### TO DO
Copy out each line of the data that holds the string "define".

### Entries taken from a collection
lemma lmi_mat_quadratic_form:
  fixes z :: "real^('m::finite + 'm)"
  shows "z \<bullet> (lmi_mat d X *v z) = 2 * (\<Sum>p\<in>UNIV. d p * z $ Inr p * (\<Sum>q\<in>UNIV. X $ p $ q * z $ Inl q))
      - (\<Sum>p\<in>UNIV. d p * (z $ Inl p)\<^sup>2) - (\<Sum>p\<in>UNIV. d p * (z $ Inr p)\<^sup>2)"
proof -
  have cross: "(\<Sum>p\<in>UNIV. z $ Inl p * (\<Sum>q\<in>UNIV. d q * X $ q $ p * z $ Inr q))
      = (\<Sum>p\<in>UNIV. d p * z $ Inr p * (\<Sum>q\<in>UNIV. X $ p $ q * z $ Inl q))"
    unfolding sum_distrib_left by (subst sum.swap) (simp add: mult_ac)
  have row_Inl: "(lmi_mat d X *v z) $ Inl p
      = (\<Sum>q\<in>UNIV. d q * X $ q $ p * z $ Inr q) - d p * z $ Inl p" for p
    by (simp add: matrix_vector_mult_nth sum_UNIV_sum lmi_mat_nth sum_negf sum_delta_mult_left)
  have row_Inr: "(lmi_mat d X *v z) $ Inr p
      = d p * (\<Sum>q\<in>UNIV. X $ p $ q * z $ Inl q) - d p * z $ Inr p" for p
  proof -
    have "(\<Sum>q\<in>UNIV. z $ Inr q * (if p = q then d p else 0)) = d p * z $ Inr p"
      using sum_delta_mult_left[of p "d p" "\<lambda>q. z $ Inr q"] by (simp add: mult.commute)
    then show ?thesis
      by (simp add: matrix_vector_mult_nth sum_UNIV_sum lmi_mat_nth sum_negf sum_distrib_left mult_ac)
  qed
  have "z \<bullet> (lmi_mat d X *v z)
      = (\<Sum>p\<in>UNIV. z $ Inl p * (lmi_mat d X *v z) $ Inl p) + (\<Sum>p\<in>UNIV. z $ Inr p * (lmi_mat d X *v z) $ Inr p)"
    by (simp add: inner_vec_def sum_UNIV_sum)
  also have "\<dots> = (\<Sum>p\<in>UNIV. z $ Inl p * (\<Sum>q\<in>UNIV. d q * X $ q $ p * z $ Inr q) - d p * (z $ Inl p)\<^sup>2)
      + (\<Sum>p\<in>UNIV. d p * z $ Inr p * (\<Sum>q\<in>UNIV. X $ p $ q * z $ Inl q) - d p * (z $ Inr p)\<^sup>2)"
    by (simp add: row_Inl row_Inr right_diff_distrib power2_eq_square mult_ac)
  finally show ?thesis by (simp add: sum_subtractf cross)
qed

lemma weighted_Cauchy_Schwarz:
  fixes w t :: "'a \<Rightarrow> real"
  assumes "\<And>q. q \<in> I \<Longrightarrow> 0 \<le> w q"
  shows "(\<Sum>q\<in>I. w q * t q)\<^sup>2 \<le> (\<Sum>q\<in>I. w q) * (\<Sum>q\<in>I. w q * (t q)\<^sup>2)"
proof -
  have "(\<Sum>q\<in>I. w q * t q) = (\<Sum>q\<in>I. sqrt (w q) * (sqrt (w q) * t q))"
    using assms by (intro sum.cong refl) (simp add: mult.assoc[symmetric])
  also have "(\<dots>)\<^sup>2 \<le> (\<Sum>q\<in>I. (sqrt (w q))\<^sup>2) * (\<Sum>q\<in>I. (sqrt (w q) * t q)\<^sup>2)"
    by (rule Cauchy_Schwarz_ineq_sum)
  also have "\<dots> = (\<Sum>q\<in>I. w q) * (\<Sum>q\<in>I. w q * (t q)\<^sup>2)"
    using assms by (simp add: power_mult_distrib)
  finally show ?thesis .
qed

lemma row_square_le:
  fixes X :: "real^'m^'m" and x :: "'m \<Rightarrow> real"
  assumes nonneg: "\<And>a b. 0 \<le> X $ a $ b" and "lyapunov_vector (transpose X) \<nu>"
  shows "(\<Sum>q\<in>UNIV. X $ p $ q * x q)\<^sup>2 \<le> \<nu> $ p * (\<Sum>q\<in>UNIV. X $ p $ q * (x q)\<^sup>2 / \<nu> $ q)"
proof -
  have \<nu>pos: "0 < \<nu> $ p" and \<nu>lt: "(\<Sum>q\<in>UNIV. X $ p $ q * \<nu> $ q) < \<nu> $ p" for p
    using assms(2) by (auto simp: lyapunov_vector_def matrix_vector_mult_nth)
  have scale: "X $ p $ q * x q = (X $ p $ q * \<nu> $ q) * (x q / \<nu> $ q)" for q
    using \<nu>pos[of q] by simp
  have "(\<Sum>q\<in>UNIV. X $ p $ q * x q)\<^sup>2 = (\<Sum>q\<in>UNIV. (X $ p $ q * \<nu> $ q) * (x q / \<nu> $ q))\<^sup>2"
    by (simp only: scale)
  also have "\<dots> \<le> (\<Sum>q\<in>UNIV. X $ p $ q * \<nu> $ q) * (\<Sum>q\<in>UNIV. (X $ p $ q * \<nu> $ q) * (x q / \<nu> $ q)\<^sup>2)"
    by (rule weighted_Cauchy_Schwarz) (simp add: nonneg \<nu>pos less_imp_le)
  also have "\<dots> \<le> \<nu> $ p * (\<Sum>q\<in>UNIV. (X $ p $ q * \<nu> $ q) * (x q / \<nu> $ q)\<^sup>2)"
    using \<nu>lt[of p] by (intro mult_right_mono) (auto intro!: sum_nonneg simp: nonneg \<nu>pos less_imp_le)
  also have "(\<Sum>q\<in>UNIV. (X $ p $ q * \<nu> $ q) * (x q / \<nu> $ q)\<^sup>2) = (\<Sum>q\<in>UNIV. X $ p $ q * (x q)\<^sup>2 / \<nu> $ q)"
    using \<nu>pos by (intro sum.cong refl) (simp add: power2_eq_square field_simps)
  finally show ?thesis .
qed

text \<open>Cauchy-Schwarz with weights \<open>\<nu>\<close> bounds each row; summing the rows against \<open>\<mu>\<close>
  then uses \<open>\<mu>\<^sup>T X < \<mu>\<^sup>T\<close> column by column.\<close>
lemma diagonal_lyapunov_decrease:
  fixes X :: "real^'m^'m" and x :: "'m \<Rightarrow> real"
  assumes nonneg: "\<And>a b. 0 \<le> X $ a $ b"
    and \<mu>: "lyapunov_vector X \<mu>" and \<nu>: "lyapunov_vector (transpose X) \<nu>" and "x q0 \<noteq> 0"
  shows "(\<Sum>p\<in>UNIV. \<mu> $ p / \<nu> $ p * (\<Sum>q\<in>UNIV. X $ p $ q * x q)\<^sup>2)
    < (\<Sum>p\<in>UNIV. \<mu> $ p / \<nu> $ p * (x p)\<^sup>2)"
proof -
  have \<mu>pos: "0 < \<mu> $ p" and \<mu>lt: "(\<Sum>p\<in>UNIV. \<mu> $ p * X $ p $ q) < \<mu> $ q" for p q
    using \<mu> by (auto simp: lyapunov_vector_def vector_matrix_mult_nth)
  have \<nu>pos: "0 < \<nu> $ p" for p using \<nu> by (simp add: lyapunov_vector_def)
  have row: "(\<Sum>q\<in>UNIV. X $ p $ q * x q)\<^sup>2 \<le> \<nu> $ p * (\<Sum>q\<in>UNIV. X $ p $ q * (x q)\<^sup>2 / \<nu> $ q)" for p
    by (rule row_square_le[OF nonneg \<nu>])
  have "(\<Sum>p\<in>UNIV. \<mu> $ p / \<nu> $ p * (\<Sum>q\<in>UNIV. X $ p $ q * x q)\<^sup>2)
      \<le> (\<Sum>p\<in>UNIV. \<mu> $ p * (\<Sum>q\<in>UNIV. X $ p $ q * (x q)\<^sup>2 / \<nu> $ q))"
  proof (rule sum_mono)
    fix p
    have "\<mu> $ p / \<nu> $ p * (\<Sum>q\<in>UNIV. X $ p $ q * x q)\<^sup>2
        \<le> \<mu> $ p / \<nu> $ p * (\<nu> $ p * (\<Sum>q\<in>UNIV. X $ p $ q * (x q)\<^sup>2 / \<nu> $ q))"
      using \<mu>pos[of p] \<nu>pos[of p] by (intro mult_left_mono[OF row]) simp
    then show "\<mu> $ p / \<nu> $ p * (\<Sum>q\<in>UNIV. X $ p $ q * x q)\<^sup>2
        \<le> \<mu> $ p * (\<Sum>q\<in>UNIV. X $ p $ q * (x q)\<^sup>2 / \<nu> $ q)"
      using \<nu>pos[of p] by simp
  qed
  also have "\<dots> = (\<Sum>q\<in>UNIV. (\<Sum>p\<in>UNIV. \<mu> $ p * X $ p $ q) * ((x q)\<^sup>2 / \<nu> $ q))"
    unfolding sum_distrib_left sum_distrib_right by (subst sum.swap) (simp add: mult_ac)
  also have "\<dots> < (\<Sum>q\<in>UNIV. \<mu> $ q * ((x q)\<^sup>2 / \<nu> $ q))"
  proof (rule sum_strict_mono_ex1)
    show "\<forall>q\<in>UNIV. (\<Sum>p\<in>UNIV. \<mu> $ p * X $ p $ q) * ((x q)\<^sup>2 / \<nu> $ q) \<le> \<mu> $ q * ((x q)\<^sup>2 / \<nu> $ q)"
    proof
      fix q
      have "0 \<le> (x q)\<^sup>2 / \<nu> $ q" using \<nu>pos[of q] by simp
      then show "(\<Sum>p\<in>UNIV. \<mu> $ p * X $ p $ q) * ((x q)\<^sup>2 / \<nu> $ q) \<le> \<mu> $ q * ((x q)\<^sup>2 / \<nu> $ q)"
        by (rule mult_right_mono[OF less_imp_le[OF \<mu>lt]])
    qed
    show "\<exists>q\<in>UNIV. (\<Sum>p\<in>UNIV. \<mu> $ p * X $ p $ q) * ((x q)\<^sup>2 / \<nu> $ q) < \<mu> $ q * ((x q)\<^sup>2 / \<nu> $ q)"
    proof
      have "0 < (x q0)\<^sup>2 / \<nu> $ q0" using \<nu>pos[of q0] \<open>x q0 \<noteq> 0\<close> by simp
      then show "(\<Sum>p\<in>UNIV. \<mu> $ p * X $ p $ q0) * ((x q0)\<^sup>2 / \<nu> $ q0) < \<mu> $ q0 * ((x q0)\<^sup>2 / \<nu> $ q0)"
        by (rule mult_strict_right_mono[OF \<mu>lt])
    qed simp
  qed simp
  finally show ?thesis by (simp add: mult_ac)
qed

lemma neg_def_lmi_mat_if_lyapunov_vector:
  fixes X :: "real^'m^'m"
  assumes nonneg: "\<And>a b. 0 \<le> X $ a $ b" and \<mu>: "lyapunov_vector X \<mu>"
  obtains d where "\<And>p. 0 < d p" "neg_def (lmi_mat d X)"
proof -
  obtain \<nu> where \<nu>: "lyapunov_vector (transpose X) \<nu>" using lyapunov_vector_transpose[OF assms] .
  define d where "d p = \<mu> $ p / \<nu> $ p" for p
  have d: "0 < d p" for p using \<mu> \<nu> by (simp add: d_def lyapunov_vector_def)
  have "z \<bullet> (lmi_mat d X *v z) < 0" if "z \<noteq> 0" for z :: "real^('m + 'm)"
  proof -
    define Xz where "Xz p = (\<Sum>q\<in>UNIV. X $ p $ q * z $ Inl q)" for p
    have AM_GM: "2 * (\<Sum>p\<in>UNIV. d p * z $ Inr p * Xz p)
        \<le> (\<Sum>p\<in>UNIV. d p * (z $ Inr p)\<^sup>2) + (\<Sum>p\<in>UNIV. d p * (Xz p)\<^sup>2)"
    proof -
      have "2 * (d p * z $ Inr p * Xz p) \<le> d p * (z $ Inr p)\<^sup>2 + d p * (Xz p)\<^sup>2" for p
        using mult_left_mono[OF zero_le_power2[of "z $ Inr p - Xz p"] less_imp_le[OF d]]
        by (simp add: power2_diff algebra_simps)
      then show ?thesis by (simp add: sum_distrib_left sum.distrib[symmetric] sum_mono)
    qed
    show ?thesis
    proof (cases "\<exists>q. z $ Inl q \<noteq> 0")
      case True
      then obtain q0 where "z $ Inl q0 \<noteq> 0" by blast
      from diagonal_lyapunov_decrease[OF nonneg \<mu> \<nu>, of "\<lambda>q. z $ Inl q", OF this]
      have "(\<Sum>p\<in>UNIV. d p * (Xz p)\<^sup>2) < (\<Sum>p\<in>UNIV. d p * (z $ Inl p)\<^sup>2)"
        by (simp add: d_def Xz_def)
      then show ?thesis using AM_GM by (simp add: lmi_mat_quadratic_form Xz_def[symmetric])
    next
      case False
      then have "Xz p = 0" for p by (simp add: Xz_def)
      obtain P where "z $ P \<noteq> 0" using \<open>z \<noteq> 0\<close> by (auto simp: vec_eq_iff)
      with False obtain p where "z $ Inr p \<noteq> 0" by (cases P) auto
      then have "0 < (\<Sum>p\<in>UNIV. d p * (z $ Inr p)\<^sup>2)"
        using d by (intro sum_pos2[of UNIV p]) (auto simp: less_imp_le)
      then show ?thesis using False \<open>\<And>p. Xz p = 0\<close>
        by (simp add: lmi_mat_quadratic_form Xz_def[symmetric])
    qed
  qed
  then show ?thesis using d transpose_lmi_mat that unfolding neg_def_def by blast
qed

lemma lyapunov_vector_if_neg_def_lmi_mat:
  fixes X :: "real^'m^'m"
  assumes d: "\<And>p. 0 < d p" and "neg_def (lmi_mat d X)"
  obtains \<mu> where "lyapunov_vector X \<mu>"
proof (rule lyapunov_vector_if_no_subinvariant)
  show "\<nexists>v. subinvariant X v"
  proof
    assume "\<exists>v. subinvariant X v"
    then obtain v where v: "v \<noteq> 0" "\<And>a. 0 \<le> v $ a" "\<And>a. v $ a \<le> (X *v v) $ a"
      by (auto simp: subinvariant_def)
    define z :: "real^('m + 'm)" where "z = (\<chi> P. case P of Inl p \<Rightarrow> v $ p | Inr p \<Rightarrow> (X *v v) $ p)"
    have "z $ Inl p = v $ p" for p by (simp add: z_def)
    then have "z \<noteq> 0" using v(1) by (metis vec_eq_iff zero_index)
    then have "z \<bullet> (lmi_mat d X *v z) < 0" using assms(2) by (simp add: neg_def_def)
    moreover have "z \<bullet> (lmi_mat d X *v z) = (\<Sum>p\<in>UNIV. d p * ((X *v v) $ p)\<^sup>2) - (\<Sum>p\<in>UNIV. d p * (v $ p)\<^sup>2)"
      by (simp add: lmi_mat_quadratic_form z_def matrix_vector_mult_nth power2_eq_square algebra_simps)
    moreover have "(\<Sum>p\<in>UNIV. d p * (v $ p)\<^sup>2) \<le> (\<Sum>p\<in>UNIV. d p * ((X *v v) $ p)\<^sup>2)"
      using v(2,3) d by (intro sum_mono mult_left_mono power_mono) (auto simp: less_imp_le)
    ultimately show False by simp
  qed
qed

lemma block_diag_eq_diag_mat:
  assumes "\<And>i. is_diagonal (Q i)"
  shows "block_diag Q = diag_mat (\<lambda>p. Q (fst p) $ snd p $ snd p)"
  using assms by (auto simp: vec_eq_iff block_diag_def diag_mat_def is_diagonal_def prod_eq_iff)

lemma pos_def_diag_mat:
  fixes e :: "'n::finite \<Rightarrow> real"
  assumes "\<And>a. 0 < e a"
  shows "pos_def (diag_mat e)"
  unfolding pos_def_def
proof (intro conjI allI impI)
  show "transpose (diag_mat e) = diag_mat e" by (auto simp: vec_eq_iff transpose_def diag_mat_def)
  fix v :: "real^'n" assume "v \<noteq> 0"
  then obtain a where "v $ a \<noteq> 0" by (auto simp: vec_eq_iff)
  have "(diag_mat e *v v) $ b = e b * v $ b" for b
    by (simp add: matrix_vector_mult_nth diag_mat_def sum_delta_mult_left)
  then have "v \<bullet> (diag_mat e *v v) = (\<Sum>a\<in>UNIV. e a * (v $ a)\<^sup>2)"
    by (simp add: inner_vec_def power2_eq_square mult_ac)
  also have "\<dots> > 0"
    using assms \<open>v $ a \<noteq> 0\<close> by (intro sum_pos2[of UNIV a]) (auto simp: less_imp_le)
  finally show "0 < v \<bullet> (diag_mat e *v v)" .
qed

### SOLUTION BELOW
  define d where "d p = \<mu> $ p / \<nu> $ p" for p
    define Xz where "Xz p = (\<Sum>q\<in>UNIV. X $ p $ q * z $ Inl q)" for p
    define z :: "real^('m + 'm)" where "z = (\<chi> P. case P of Inl p \<Rightarrow> v $ p | Inr p \<Rightarrow> (X *v v) $ p)"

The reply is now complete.